Recently my friend and colleage, HD, wrote to ask a question or two. He had read a sentence in a college chemistry textbook that made less and less sense the more he read it. He asked for my thoughts on the matter.
"Subject: Temperature & KE
I ran into this in a textbook,
"heat energy transfer CO2(s,-78 C) <--> CO2(g, -78 C) gas molecules have higher kinetic energy."
If they are at the same temperature, how does the gas have a higher kinetic energy? If it has a higher kinetic energy then wouldn't it be able to transfer some kinetic energy to a third body (a thermometer)?
I wonder, how do solid molecules communicate temperature to a thermometer to the same extent as a gas?
For an Ideal gas we say there are no attractive forces between molecules and the molecules have no potential energy. The total energy E of an ideal gas is therefore entirely kinetic. As the average kinetic energy per molecule is 3/2kT, we have...E = 3/2NkT or 3/2nRT
The energy of an ideal gas is proportional to the absolute temperature and depends on temperature only, independent of the pressure and volume. This of course is true for a very restricted system, rigid, "billard-ball" molecules which exert no forces on one another, which do not rotate, vibrate or dissociate.
So, if the opening quote is true, what am I missing?

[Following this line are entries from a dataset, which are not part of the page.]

lemma even_double_sum_minus_diagonal:
  fixes a :: "nat \<Rightarrow> nat \<Rightarrow> int"
  assumes "\<And>i j. a i j = a j i"
  shows "even ((\<Sum>i<n. \<Sum>j<n. a i j) - (\<Sum>i<n. a i i))"
proof (induction n)
  case (Suc n)
  have "(\<Sum>i<Suc n. \<Sum>j<Suc n. a i j) - (\<Sum>i<Suc n. a i i)
      = ((\<Sum>i<n. \<Sum>j<n. a i j) - (\<Sum>i<n. a i i)) + 2 * (\<Sum>j<n. a n j)"
    using assms by (simp add: sum.distrib)
  then show ?case
    using Suc by simp
qed simp

lemma k3_gram_diagonal_even: "even (k3_gram i i)"
  unfolding k3_gram_def e8_gram_def by simp

lemma bil_self_even: "even (bil z z)"
proof -
  let ?all = "\<Sum>i<22. \<Sum>j<22. z i * k3_gram i j * z j" and ?diag = "\<Sum>i<22. z i * k3_gram i i * z i"
  have "even (?all - ?diag)"
    by (rule even_double_sum_minus_diagonal) (metis k3_gram_sym mult.commute mult.assoc)
  moreover have "even ?diag"
    by (intro dvd_sum) (simp add: k3_gram_diagonal_even)
  moreover have "bil z z = (?all - ?diag) + ?diag"
    unfolding bil_def by simp
  ultimately show ?thesis
    by simp
qed

lemma sum_combination_eq_Gcd:
  fixes v :: "nat \<Rightarrow> int"
  shows "\<exists>a. (\<Sum>i<m. a i * v i) = Gcd (v ` {..<m})"
proof (induction m)
  case 0
  show ?case by simp
next
  case (Suc m)
  then obtain a where a: "(\<Sum>i<m. a i * v i) = Gcd (v ` {..<m})" ..
  obtain u w where uw: "u * v m + w * Gcd (v ` {..<m}) = gcd (v m) (Gcd (v ` {..<m}))"
    using bezout_int by blast
  let ?a = "\<lambda>i. if i = m then u else w * a i"
  have "(\<Sum>i<Suc m. ?a i * v i) = u * v m + w * (\<Sum>i<m. a i * v i)"
    by (simp add: sum_distrib_left mult.assoc)
  also have "\<dots> = Gcd (v ` {..<Suc m})"
    using a uw by (simp add: lessThan_Suc)
  finally show ?case
    by (rule exI[of _ ?a])
qed
(* Let $G$ be a connected graph with a fixed vertex $w$. Take a cycle $C_c$ of length $c \geq 7$, vertex-disjoint from $G$, and identify one vertex of the cycle with $w$; denote the resulting graph by $G^*$. Let $v_1$ be a neighbor of $w$ on the cycle $C_c$. Then $\delta_{G^*}(w) = t_{G^*}(w) - t_{G^*-v_1}(w)\leq -2$.
   Context: All graphs are finite, simple, undirected. For a graph $H$ and vertex $x$, the transmission is $t_H(x)=\sum_{y\in V(H)}\mathrm{dist}_H(x,y)$; $H-v$ denotes $H$ with vertex $v$ and its incident edges deleted. The quantity $\delta_{G^*}(w)$ is taken with respect to the vertex $v_1$, i.e. $\delta_{G^*}(w)=t_{G^*}(w)-t_{G^*-v_1}(w)$. *)

theory Defs
  imports Main
begin

definition simple_graph :: "'a set \<Rightarrow> 'a set set \<Rightarrow> bool" where
  "simple_graph V E \<longleftrightarrow> finite V \<and>
     (\<forall>e\<in>E. \<exists>x y. e = {x, y} \<and> x \<noteq> y \<and> x \<in> V \<and> y \<in> V)"

definition walk :: "'a set \<Rightarrow> 'a set set \<Rightarrow> 'a list \<Rightarrow> bool" where
  "walk V E xs \<longleftrightarrow> xs \<noteq> [] \<and> set xs \<subseteq> V \<and>
     (\<forall>i. Suc i < length xs \<longrightarrow> {xs ! i, xs ! Suc i} \<in> E)"

definition connected_graph :: "'a set \<Rightarrow> 'a set set \<Rightarrow> bool" where
  "connected_graph V E \<longleftrightarrow> V \<noteq> {} \<and>
     (\<forall>x\<in>V. \<forall>y\<in>V. \<exists>xs. walk V E xs \<and> hd xs = x \<and> last xs = y)"

definition dist :: "'a set \<Rightarrow> 'a set set \<Rightarrow> 'a \<Rightarrow> 'a \<Rightarrow> nat" where
  "dist V E x y = (LEAST n. \<exists>xs. walk V E xs \<and> hd xs = x \<and> last xs = y \<and> length xs = Suc n)"

definition transmission :: "'a set \<Rightarrow> 'a set set \<Rightarrow> 'a \<Rightarrow> nat" where
  "transmission V E x = (\<Sum>y\<in>V. dist V E x y)"

definition del_vertex_V :: "'a set \<Rightarrow> 'a \<Rightarrow> 'a set" where
  "del_vertex_V V v = V - {v}"

definition del_vertex_E :: "'a set set \<Rightarrow> 'a \<Rightarrow> 'a set set" where
  "del_vertex_E E v = {e \<in> E. v \<notin> e}"

text \<open>Gluing a cycle of length c at w: the cycle is w = cyc 0, u 1, ..., u (c-1), back to w.\<close>
definition cyc :: "'a \<Rightarrow> (nat \<Rightarrow> 'a) \<Rightarrow> nat \<Rightarrow> 'a" where
  "cyc w u i = (if i = 0 then w else u i)"

definition glue_V :: "'a set \<Rightarrow> (nat \<Rightarrow> 'a) \<Rightarrow> nat \<Rightarrow> 'a set" where
  "glue_V V u c = V \<union> u ` {1..<c}"

definition glue_E :: "'a set set \<Rightarrow> 'a \<Rightarrow> (nat \<Rightarrow> 'a) \<Rightarrow> nat \<Rightarrow> 'a set set" where
  "glue_E E w u c = E \<union> {{cyc w u i, cyc w u (Suc i mod c)} | i. i < c}"

end
lemma large_residue_set_parities:
  assumes "0 < n" "odd n" "coprime x n" "coprime (1 - x) n"
  defines "A \<equiv> {k \<in> half_range n. n < 2 * (k * x mod n)}"
    and "B \<equiv> {k \<in> half_range n. n < 2 * (k * (1 - x) mod n)}"
  shows "even (card (A \<union> B) + gauss_count n (2 * x * (1 - x)))"
    and "even (card (A \<inter> B) + gauss_count n 2)"
    and "even (card (half_range n - (A \<union> B)) + gauss_count n (2 * x * (x - 1)))"
    and "even (card (A - B) + gauss_count n (2 * x))"
proof -
  let ?K = "half_range n" and ?g = "gauss_count n"
  have cop: "coprime 2 n" "coprime (2 * x) n" "coprime (2 * x * (1 - x)) n"
    using assms(2-4) by simp_all
  have neg: "2 * x * (x - 1) = -1 * (2 * x * (1 - x))"
    by (simp add: algebra_simps)
  have "A \<union> B = {k \<in> ?K. n < 2 * (k * x mod n) \<or> n < 2 * (k * (1 - x) mod n)}"
    unfolding A_def B_def by blast
  then have "even (card (A \<union> B) + ?g x + ?g (1 - x) + ?g 2)"
    using large_residue_union_parity[OF assms(1-4)] by simp
  moreover have "even (?g (2 * x) + ?g 2 + ?g x)"
    using even_gauss_count_mult[OF assms(1,2) cop(1) assms(3)] .
  moreover have "even (?g (2 * x * (1 - x)) + ?g (2 * x) + ?g (1 - x))"
    using even_gauss_count_mult[OF assms(1,2) cop(2) assms(4)] .
  moreover have "even (?g (2 * x * (x - 1)) + ?g (-1) + ?g (2 * x * (1 - x)))"
    unfolding neg by (rule even_gauss_count_mult[OF assms(1,2) _ cop(3)]) simp
  moreover have "card (A \<union> B) + card (A \<inter> B) = ?g x + ?g (1 - x)"
    "card (?K - (A \<union> B)) + card (A \<union> B) = ?g (-1)"
    "card (A - B) + card (A \<inter> B) = ?g x"
  proof -
    have fin: "finite A" "finite B" and sub: "A \<union> B \<subseteq> ?K"
      by (auto simp: A_def B_def)
    have "card A = ?g x" "card B = ?g (1 - x)"
      by (simp_all add: A_def B_def gauss_count_def)
    then show "card (A \<union> B) + card (A \<inter> B) = ?g x + ?g (1 - x)"
      "card (?K - (A \<union> B)) + card (A \<union> B) = ?g (-1)"
      "card (A - B) + card (A \<inter> B) = ?g x"
      using card_Un_Int[OF fin] card_Int_Diff[of ?K "A \<union> B"] card_Int_Diff[OF fin(1), of B]
      by (simp_all add: gauss_count_minus_1 Int_absorb1[OF sub])
  qed
  ultimately show "even (card (A \<union> B) + ?g (2 * x * (1 - x)))" "even (card (A \<inter> B) + ?g 2)"
    "even (card (?K - (A \<union> B)) + ?g (2 * x * (x - 1)))" "even (card (A - B) + ?g (2 * x))"
    by presburger+
qed
(* Let $X=X(s)$ be a strictly convex $C^{(3)}$ curve in the plane $\mathbb{R}^2$, parametrized by arclength. The following are equivalent: (1) there are functions $\lambda(s)$ and $\mu(s)$ such that for all $s$ and all sufficiently small $h_1,h_2$ (with $X(s),X(s+h_1),X(s+h_2)$ distinct), $U(s,h_1,h_2)=\lambda(s)\,T(s,h_1,h_2)^{\mu(s)}$; (2) for all $s$ and all sufficiently small $h_1,h_2$ (with the three points distinct), $U(s,h_1,h_2)=\frac12 T(s,h_1,h_2)$; (3) $X$ is an open part of a parabola.
   Context: A regular plane curve $X$ defined on an open interval is convex if for every point of $X$ the trace of $X$ lies entirely in one closed half-plane determined by the tangent line at that point. A simple convex curve $X$ is strictly convex if it is of class $C^{(3)}$ and has positive curvature with respect to the unit normal pointing to the convex side. For three distinct points $A=X(s)$, $A_i=X(s+h_i)$ ($i=1,2$) on $X$, let $\ell,\ell_1,\ell_2$ be the tangent lines of $X$ at $A,A_1,A_2$, and let $B=\ell_1\cap\ell_2$, $B_1=\ell\cap\ell_1$, $B_2=\ell\cap\ell_2$. Define $T(s,h_1,h_2)=|\triangle AA_1A_2|$ and $U(s,h_1,h_2)=|\triangle BB_1B_2|$ (areas). *)

theory Defs
  imports "HOL-Analysis.Analysis"
begin

text \<open>The plane is modelled as the complex numbers.\<close>

definition cross2 :: "complex \<Rightarrow> complex \<Rightarrow> real" where
  "cross2 u v = Re u * Im v - Im u * Re v"

definition tri_area :: "complex \<Rightarrow> complex \<Rightarrow> complex \<Rightarrow> real" where
  "tri_area A B C = \<bar>cross2 (B - A) (C - A)\<bar> / 2"

text \<open>Intersection point of the lines P + a d and Q + b e (meaningful when not parallel).\<close>
definition line_inter :: "complex \<Rightarrow> complex \<Rightarrow> complex \<Rightarrow> complex \<Rightarrow> complex" where
  "line_inter P d Q e = P + of_real (cross2 (Q - P) e / cross2 d e) * d"

definition open_interval :: "real set \<Rightarrow> bool" where
  "open_interval I \<longleftrightarrow> is_interval I \<and> open I \<and> I \<noteq> {}"

definition C3_on :: "real set \<Rightarrow> (real \<Rightarrow> complex) \<Rightarrow> bool" where
  "C3_on I X \<longleftrightarrow> (\<exists>X1 X2 X3.
      (\<forall>t\<in>I. (X has_vector_derivative X1 t) (at t)) \<and>
      (\<forall>t\<in>I. (X1 has_vector_derivative X2 t) (at t)) \<and>
      (\<forall>t\<in>I. (X2 has_vector_derivative X3 t) (at t)) \<and>
      continuous_on I X3)"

As he always does, HD has asked some very probing questions regarding this sentence, and for good reason. This single sentence covers a lot of physics and chemistry, and, depending on how you interpret it, contains a lot of error. Rather than answer off the top of my head, or off the cuff, and say something stupid that I would have to retract later, I ended up thinking about this during my wakeful period from 3 am to 5am that night. Here is the analysis I did.
First, I began to worry about that two headed arrow in the sentence. This one...'<-->'. A fellow shouldn't just leave one of these hanging around without explanation. A chemist might interpret such a construction as saying something like "This chemical equation is reversible under the correct circumstances," and therefore to say nothing more than solid CO2 can become a vapor, and vice versa. I don't know for sure that this is what a chemist would think because I'm only an amateur chemist, and I really don't think like a real one. A physicist, however, definitely sees that double arrow as saying something more specific; that there is equilibrium between the solid and the vapor. In fact, even a casual reading shows that the author(s) placed a temperature of -78C in the equation as though they meant something. So I grabbed my copy of Lange's Handbook and found, sure enough, at 1 atmosphere of pressure -78.52C denotes the melting temperature of solid CO2.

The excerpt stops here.